Weitere Informationen unter www.grenzsteintrophy.de.


----------



## MTB-News.de




----------



## CannonRZ120 (16. Dezember 2010)

Ich möchte 2011 gerne mitfahren!
Jetzt hab ich mal eine Frage zu den GPS Tracks:

Ich hab ein Garmin GPS 60CSX. Ich möchte gerne die Tracks der GST und auch die Kartenabschnitte, die durchfahren werden, auf mein Gerät laden.
Wie viele Speicherkarten brauch ich dafür?
Hab eine 2 GB und eine 4 GB Karte....reichen die beiden?
Und welche Speicherkarte brauch ich, wenn ich nur die Tracks überspielen will?


----------



## Sauerlandracer (2. Januar 2011)

...ich habe mit großer Interesse den Bericht in der aktuellen Bike Ausgabe gelesen.
Ich würde so gerne die Herausforderung annehmen, möchte im Vorfeld aber doch etwas mehr Info haben.
Ich suche Kartenmaterial zur aktuellen Strecke 2011.
Auf www.grenzsteintrophy.de finde ich nicht das was ich suche....

Gruß Daniel


----------



## CannonRZ120 (2. Januar 2011)

Kartenmaterial wird es wohl nicht geben, da die Strecke ja keine offizielle Tour ist (wie z.B. ein ausgewiesener Wanderweg).
Außerdem wird die 2011er Strecke nicht so verlaufen wie die 2010er, sondern verändert!
So zumindest sehe ich die Sache!


----------



## Lotte.2000 (2. Januar 2011)

Hallo Daniel,

nach was genau suchst Du denn.
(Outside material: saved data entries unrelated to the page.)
(* Let $\mathfrak l$ be a real finite-dimensional nilpotent Lie algebra with $\dim\mathfrak l'=2$ and $\mathfrak l'\subset\mathfrak z(\mathfrak l)$, having a basis $X_1,\dots,X_n,Y,Z$ ($n\ge4$) with $[X_1,X_2]=Y$, $[X_1,X_3]=Z$, $[X_2,X_3]=0$, $[X_1,X_4]=0$, $[X_2,X_4]=Z$, and $[X_1,X_j]=[X_2,X_j]=0$ for $j\ge5$. Let $\mathfrak a$ be a semisimple orthogonal $\mathfrak l$-module and $[\alpha,\gamma]\in\mathcal H^2_Q(\mathfrak l,\mathfrak a)$ admissible, represented with $\alpha(\mathfrak l,\mathfrak l)\subset\mathfrak a^{\mathfrak l}$. Then $\alpha([X_3,X_j],\cdot)=0$ for all $j\ge5$.
   Context: For a Lie algebra $\mathfrak l$: $\mathfrak l^1=\mathfrak l$, $\mathfrak l^{k+1}=[\mathfrak l,\mathfrak l^k]$, $\mathfrak l'=\mathfrak l^2$, $\mathfrak z(\mathfrak l)$ the centre. An orthogonal $\mathfrak l$-module $(\rho,\mathfrak a)$ is a finite-dimensional real vector space with a nondegenerate symmetric bilinear form $\langle\cdot,\cdot\rangle_{\mathfrak a}$ and a representation by skew-adjoint maps; $\mathfrak a^{\mathfrak l}$ its invariants. $C^p(\mathfrak l,\mathfrak a)$: alternating $p$-linear maps with Chevalley–Eilenberg differential $d$; $C^p(\mathfrak l)=C^p(\mathfrak l,\mathbb R)$; $\langle\alpha\wedge\beta\rangle$ is the wedge product followed by contraction with $\langle\cdot,\cdot\rangle_{\mathfrak a}$. $\mathcal Z^2_Q(\mathfrak l,\mathfrak a)=\{(\alpha,\gamma)\in C^2(\mathfrak l,\mathfrak a)\oplus C^3(\mathfrak l): d\alpha=0,d\gamma=\frac12\langle\alpha\wedge\alpha\rangle\}$; the group $C^1(\mathfrak l,\mathfrak a)\oplus C^2(\mathfrak l)$ with $(\tau_1,\sigma_1)*(\tau_2,\sigma_2)=(\tau_1+\tau_2,\sigma_1+\sigma_2+\frac12\langle\tau_1\wedge\tau_2\rangle)$ acts by $(\alpha,\gamma)(\tau,\sigma)=(\alpha+d\tau,\gamma+d\sigma+\langle(\alpha+\frac12d\tau)\wedge\tau\rangle)$; $\mathcal H^2_Q(\mathfrak l,\mathfrak a)$ is the orbit set. Admissibility: with $\mathfrak l^{m+2}=0$, $\mathfrak l_{(0)}=\mathfrak z(\mathfrak l)\cap\ker\rho$, $\mathfrak l_{(k)}=\mathfrak z(\mathfrak l)\cap\mathfrak l^{k+1}$ ($k\ge1$), and a representative with $\alpha(\mathfrak l,\mathfrak l)\subset\mathfrak a^{\mathfrak l}$, the class is admissible iff for all $0\le k\le m$: $(A_k)$ whenever $L_0\in\mathfrak l_{(k)}$ and there are $A_0\in\mathfrak a$, $Z_0\in(\mathfrak l^{k+1})^*$ with $\alpha(L,L_0)=0$ and $\gamma(L,L_0,\cdot)=-\langle A_0,\alpha(L,\cdot)\rangle_{\mathfrak a}+\langle Z_0,[L,\cdot]\rangle$ on $\mathfrak l^{k+1}$ for all $L$, then $L_0=0$; $(B_k)$ $\alpha$ applied to the kernel of the bracket map $\mathfrak l\otimes\mathfrak l^{k+1}\to\mathfrak l$ is a nondegenerate subspace of $\mathfrak a$. *)

theory Defs
  imports Main "HOL.Real_Vector_Spaces"
begin

definition lie_algebra :: "('l::real_vector \<Rightarrow> 'l \<Rightarrow> 'l) \<Rightarrow> bool" where
  "lie_algebra br \<longleftrightarrow>
     (\<forall>x. linear (br x)) \<and> (\<forall>y. linear (\<lambda>x. br x y)) \<and>
     (\<forall>x. br x x = 0) \<and>
     (\<forall>x y z. br x (br y z) + br y (br z x) + br z (br x y) = 0)"

text \<open>Lower central series: lcs br 1 = l, lcs br (k+1) = [l, lcs br k]
  (linear span of brackets). The index 0 is unused and set to l.\<close>
fun lcs :: "('l::real_vector \<Rightarrow> 'l \<Rightarrow> 'l) \<Rightarrow> nat \<Rightarrow> 'l set" where
  "lcs br 0 = UNIV"
| "lcs br (Suc 0) = UNIV"
| "lcs br (Suc (Suc k)) = span {br x y | x y. y \<in> lcs br (Suc k)}"

definition nilpotent_lie :: "('l::real_vector \<Rightarrow> 'l \<Rightarrow> 'l) \<Rightarrow> bool" where
  "nilpotent_lie br \<longleftrightarrow> (\<exists>k. lcs br k = {0})"

definition centre :: "('l::real_vector \<Rightarrow> 'l \<Rightarrow> 'l) \<Rightarrow> 'l set" where
  "centre br = {z. \<forall>x. br x z = 0}"

definition finite_dim :: "'v::real_vector itself \<Rightarrow> bool" where
  "finite_dim _ \<longleftrightarrow> (\<exists>S::'v set. finite S \<and> span S = UNIV)"

definition orthogonal_module ::
  "('l::real_vector \<Rightarrow> 'l \<Rightarrow> 'l) \<Rightarrow> ('l \<Rightarrow> 'v::real_vector \<Rightarrow> 'v) \<Rightarrow> ('v \<Rightarrow> 'v \<Rightarrow> real) \<Rightarrow> bool" where
  "orthogonal_module br rho B \<longleftrightarrow>
     finite_dim TYPE('v) \<and>
     (\<forall>u. linear (B u)) \<and> (\<forall>u v. B u v = B v u) \<and>
     (\<forall>u. (\<forall>v. B u v = 0) \<longrightarrow> u = 0) \<and>
     (\<forall>x. linear (rho x)) \<and> (\<forall>u. linear (\<lambda>x. rho x u)) \<and>
     (\<forall>x y u. rho (br x y) u = rho x (rho y u) - rho y (rho x u)) \<and>
     (\<forall>x u v. B (rho x u) v + B u (rho x v) = 0)"

definition invariant_subspace :: "('l \<Rightarrow> 'v::real_vector \<Rightarrow> 'v) \<Rightarrow> 'v set \<Rightarrow> bool" where
  "invariant_subspace rho U \<longleftrightarrow> subspace U \<and> (\<forall>x. \<forall>u\<in>U. rho x u \<in> U)"

text \<open>Semisimple = completely reducible: every submodule has a complementary submodule.\<close>
definition semisimple_module :: "('l \<Rightarrow> 'v::real_vector \<Rightarrow> 'v) \<Rightarrow> bool" where
  "semisimple_module rho \<longleftrightarrow>
     (\<forall>U. invariant_subspace rho U \<longrightarrow>
        (\<exists>W. invariant_subspace rho W \<and> U \<inter> W = {0} \<and> {u + w | u w. u \<in> U \<and> w \<in> W} = UNIV))"

definition invariants :: "('l \<Rightarrow> 'v::real_vector \<Rightarrow> 'v) \<Rightarrow> 'v set" where
  "invariants rho = {u. \<forall>x. rho x u = 0}"

definition cochain2 :: "('l::real_vector \<Rightarrow> 'l \<Rightarrow> 'v::real_vector) \<Rightarrow> bool" where
  "cochain2 \<alpha> \<longleftrightarrow> (\<forall>x. linear (\<alpha> x)) \<and> (\<forall>y. linear (\<lambda>x. \<alpha> x y)) \<and> (\<forall>x. \<alpha> x x = 0)"

definition cochain3 :: "('l::real_vector \<Rightarrow> 'l \<Rightarrow> 'l \<Rightarrow> real) \<Rightarrow> bool" where
  "cochain3 \<gamma> \<longleftrightarrow> (\<forall>x y. linear (\<gamma> x y)) \<and> (\<forall>x z. linear (\<lambda>y. \<gamma> x y z)) \<and>
     (\<forall>y z. linear (\<lambda>x. \<gamma> x y z)) \<and>
     (\<forall>x y. \<gamma> x x y = 0) \<and> (\<forall>x y. \<gamma> x y y = 0) \<and> (\<forall>x y. \<gamma> x y x = 0)"

definition d2 :: "('l::real_vector \<Rightarrow> 'l \<Rightarrow> 'l) \<Rightarrow> ('l \<Rightarrow> 'v::real_vector \<Rightarrow> 'v) \<Rightarrow>
    ('l \<Rightarrow> 'l \<Rightarrow> 'v) \<Rightarrow> 'l \<Rightarrow> 'l \<Rightarrow> 'l \<Rightarrow> 'v" where
  "d2 br rho \<alpha> x y z =
     rho x (\<alpha> y z) - rho y (\<alpha> x z) + rho z (\<alpha> x y)
     - \<alpha> (br x y) z + \<alpha> (br x z) y - \<alpha> (br y z) x"

definition d3 :: "('l::real_vector \<Rightarrow> 'l \<Rightarrow> 'l) \<Rightarrow> ('l \<Rightarrow> 'l \<Rightarrow> 'l \<Rightarrow> real) \<Rightarrow>
    'l \<Rightarrow> 'l \<Rightarrow> 'l \<Rightarrow> 'l \<Rightarrow> real" where
  "d3 br \<gamma> x1 x2 x3 x4 =
     - \<gamma> (br x1 x2) x3 x4 + \<gamma> (br x1 x3) x2 x4 - \<gamma> (br x1 x4) x2 x3
     - \<gamma> (br x2 x3) x1 x4 + \<gamma> (br x2 x4) x1 x3 - \<gamma> (br x3 x4) x1 x2"

text \<open>\<langle>\<alpha> \<and> \<beta>\<rangle> for 2-cochains: sum over (2,2)-shuffles with signs, contracted with B.\<close>
definition wedge_contr :: "('v \<Rightarrow> 'v \<Rightarrow> real) \<Rightarrow> ('l \<Rightarrow> 'l \<Rightarrow> 'v) \<Rightarrow> ('l \<Rightarrow> 'l \<Rightarrow> 'v) \<Rightarrow>
    'l \<Rightarrow> 'l \<Rightarrow> 'l \<Rightarrow> 'l \<Rightarrow> real" where
  "wedge_contr B \<alpha> \<beta> x1 x2 x3 x4 =
     B (\<alpha> x1 x2) (\<beta> x3 x4) - B (\<alpha> x1 x3) (\<beta> x2 x4) + B (\<alpha> x1 x4) (\<beta> x2 x3)
     + B (\<alpha> x2 x3) (\<beta> x1 x4) - B (\<alpha> x2 x4) (\<beta> x1 x3) + B (\<alpha> x3 x4) (\<beta> x1 x2)"

definition quad_cocycle ::
  "('l::real_vector \<Rightarrow> 'l \<Rightarrow> 'l) \<Rightarrow> ('l \<Rightarrow> 'v::real_vector \<Rightarrow> 'v) \<Rightarrow> ('v \<Rightarrow> 'v \<Rightarrow> real) \<Rightarrow>
    ('l \<Rightarrow> 'l \<Rightarrow> 'v) \<Rightarrow> ('l \<Rightarrow> 'l \<Rightarrow> 'l \<Rightarrow> real) \<Rightarrow> bool" where
  "quad_cocycle br rho B \<alpha> \<gamma> \<longleftrightarrow>
     cochain2 \<alpha> \<and> cochain3 \<gamma> \<and>
     (\<forall>x y z. d2 br rho \<alpha> x y z = 0) \<and>
     (\<forall>x1 x2 x3 x4. d3 br \<gamma> x1 x2 x3 x4 = (1/2) * wedge_contr B \<alpha> \<alpha> x1 x2 x3 x4)"

definition linear_on :: "'l::real_vector set \<Rightarrow> ('l \<Rightarrow> real) \<Rightarrow> bool" where
  "linear_on S f \<longleftrightarrow> (\<forall>x\<in>S. \<forall>y\<in>S. f (x + y) = f x + f y) \<and> (\<forall>c. \<forall>x\<in>S. f (c *\<^sub>R x) = c * f x)"

definition lsub :: "('l::real_vector \<Rightarrow> 'l \<Rightarrow> 'l) \<Rightarrow> ('l \<Rightarrow> 'v::real_vector \<Rightarrow> 'v) \<Rightarrow> nat \<Rightarrow> 'l set" where
  "lsub br rho k = (if k = 0 then centre br \<inter> {x. \<forall>u. rho x u = 0}
                    else centre br \<inter> lcs br (k + 1))"

definition condA ::
  "('l::real_vector \<Rightarrow> 'l \<Rightarrow> 'l) \<Rightarrow> ('l \<Rightarrow> 'v::real_vector \<Rightarrow> 'v) \<Rightarrow> ('v \<Rightarrow> 'v \<Rightarrow> real) \<Rightarrow>
    ('l \<Rightarrow> 'l \<Rightarrow> 'v) \<Rightarrow> ('l \<Rightarrow> 'l \<Rightarrow> 'l \<Rightarrow> real) \<Rightarrow> nat \<Rightarrow> bool" where
  "condA br rho B \<alpha> \<gamma> k \<longleftrightarrow>
     (\<forall>L0\<in>lsub br rho k.
        (\<exists>A0 Z0. linear_on (lcs br (k + 1)) Z0 \<and>
           (\<forall>L. \<alpha> L L0 = 0) \<and>
           (\<forall>L. \<forall>M\<in>lcs br (k + 1). \<gamma> L L0 M = - B A0 (\<alpha> L M) + Z0 (br L M)))
        \<longrightarrow> L0 = 0)"

definition nondeg_subspace :: "('v::zero \<Rightarrow> 'v \<Rightarrow> real) \<Rightarrow> 'v set \<Rightarrow> bool" where
  "nondeg_subspace B V \<longleftrightarrow> (\<forall>v\<in>V. (\<forall>w\<in>V. B v w = 0) \<longrightarrow> v = 0)"

text \<open>alpha applied to the kernel of the bracket map l \<otimes> l^{k+1} \<rightarrow> l, with tensors
  written as finite sums of pure tensors (lists of pairs).\<close>
definition alpha_ker :: "('l::real_vector \<Rightarrow> 'l \<Rightarrow> 'l) \<Rightarrow> ('l \<Rightarrow> 'l \<Rightarrow> 'v::real_vector) \<Rightarrow> nat \<Rightarrow> 'v set" where
  "alpha_ker br \<alpha> k =
     {sum_list (map (\<lambda>(L, M). \<alpha> L M) ps) | ps.
        (\<forall>(L, M)\<in>set ps. M \<in> lcs br (k + 1)) \<and> sum_list (map (\<lambda>(L, M). br L M) ps) = 0}"

definition condB :: "('l::real_vector \<Rightarrow> 'l \<Rightarrow> 'l) \<Rightarrow> ('v::real_vector \<Rightarrow> 'v \<Rightarrow> real) \<Rightarrow>
    ('l \<Rightarrow> 'l \<Rightarrow> 'v) \<Rightarrow> nat \<Rightarrow> bool" where
  "condB br B \<alpha> k \<longleftrightarrow> nondeg_subspace B (alpha_ker br \<alpha> k)"

text \<open>Admissibility of the class of (alpha, gamma), for a representative with alpha(l,l) in a^l,
  where m is such that l^{m+2} = 0.\<close>
definition admissible ::
  "('l::real_vector \<Rightarrow> 'l \<Rightarrow> 'l) \<Rightarrow> ('l \<Rightarrow> 'v::real_vector \<Rightarrow> 'v) \<Rightarrow> ('v \<Rightarrow> 'v \<Rightarrow> real) \<Rightarrow>
    ('l \<Rightarrow> 'l \<Rightarrow> 'v) \<Rightarrow> ('l \<Rightarrow> 'l \<Rightarrow> 'l \<Rightarrow> real) \<Rightarrow> nat \<Rightarrow> bool" where
  "admissible br rho B \<alpha> \<gamma> m \<longleftrightarrow>
     (\<forall>k\<le>m. condA br rho B \<alpha> \<gamma> k \<and> condB br B \<alpha> k)"

end

theory Submission
  imports Defs
begin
Ich kann Dir sicher weiter helfen bin 2009 und 2010 gefahren. Wie es ausschaut werden wir uns dann wohl 2011 auch sehen. 

Lg René


----------



## Sauerlandracer (2. Januar 2011)

Ich suche den genauen Streckenverlauf, egal ob von 2009 oder 2010 da ich im Mai mit einem Kumpel die Tropy fahren möchte.


----------



## mubchen (23. Februar 2011)

Hallo Leute, ich such den auch! Will mit einem Kumpel zusammen los. Wir wollen die Strecke von Süd nach Nord fahren. Das wäre identisch mit der 2010er, wobei mir das jetzt auch egal ist ob 09 oder 10. Irgendwie, so scheint es mir, halten sich die Jungs da bedeckt und machen ein Geheimnis draus. Ich hab sowohl auf der Grenzsteintrophy-Seite, als auch auf www.pd-f.de, die Seite vom Initiator, eine Anfragemail nach den GPS-Daten geschrieben und bis heute keine Antwort erhalten. Noch nicht mal irgendeine. Ich mei das eine ist ein Pressedienst, die sollten schon Personal sitzen haben, die Mails beantworten. Also mein Kumpel geht davon aus, dass das Schaumschläger sind und die die Strecke noch nie gefahren sind, na ja bin ich jetzt nicht dakor, aber wer weiß das schon. ;-) Also wenn irgendwer Daten haben sollte und wenn es nur Teile der Strecke sind, natürlich nur der Kolonnenweg und keine Radwege rechts oder links davon, dann bitte bitte bitte posten!!! Danke


----------



## Berrrnd (23. Februar 2011)

auf der gst homepage steht irgendwo dass keine daten rausgegeben werden.
meine ich jedenfalls gelesen zu haben.


----------



## Lotte.2000 (23. Februar 2011)

@mubchen - Da habt ihr euch eine schöne Tour ausgesucht. Wie Du vielleicht gesehen hast, hab ich mich Anfang Januar hier schon als "Schaumschläger" geoutet . Ich kann kaum glauben, dass Du auf Deine Anfrage keine Antwort bekommen hast. 
Wenn Du Dich mit dem Thema GST beschäftigt hast, wirst Du bemerkt haben das die GST keine offizielle Veranstaltung ist. Mann trifft sich zufällig zur gleichen Zeit am gleichen Ort und fährt eigenverantwortlich vom Start zum Ziel. Das Problem mit dem Track liegt darin, das er 2009 nicht überall fahrbar war, 2010 ging es dann schon deutlich besser. Die Wege können durch gesperrte Gebiete führen, privat Wege oder Grundstücke kreuzen usw. Die Verantwortung liegt klar beim Fahrer! 
Meiner GPS Aufzeichnungen 2010 liegt als öffentlicher Track auf GPSies. Sollte leicht zu finden sein. 
Wenn Du (und Kumpel) noch Fragen habt, ich helfe gerne. 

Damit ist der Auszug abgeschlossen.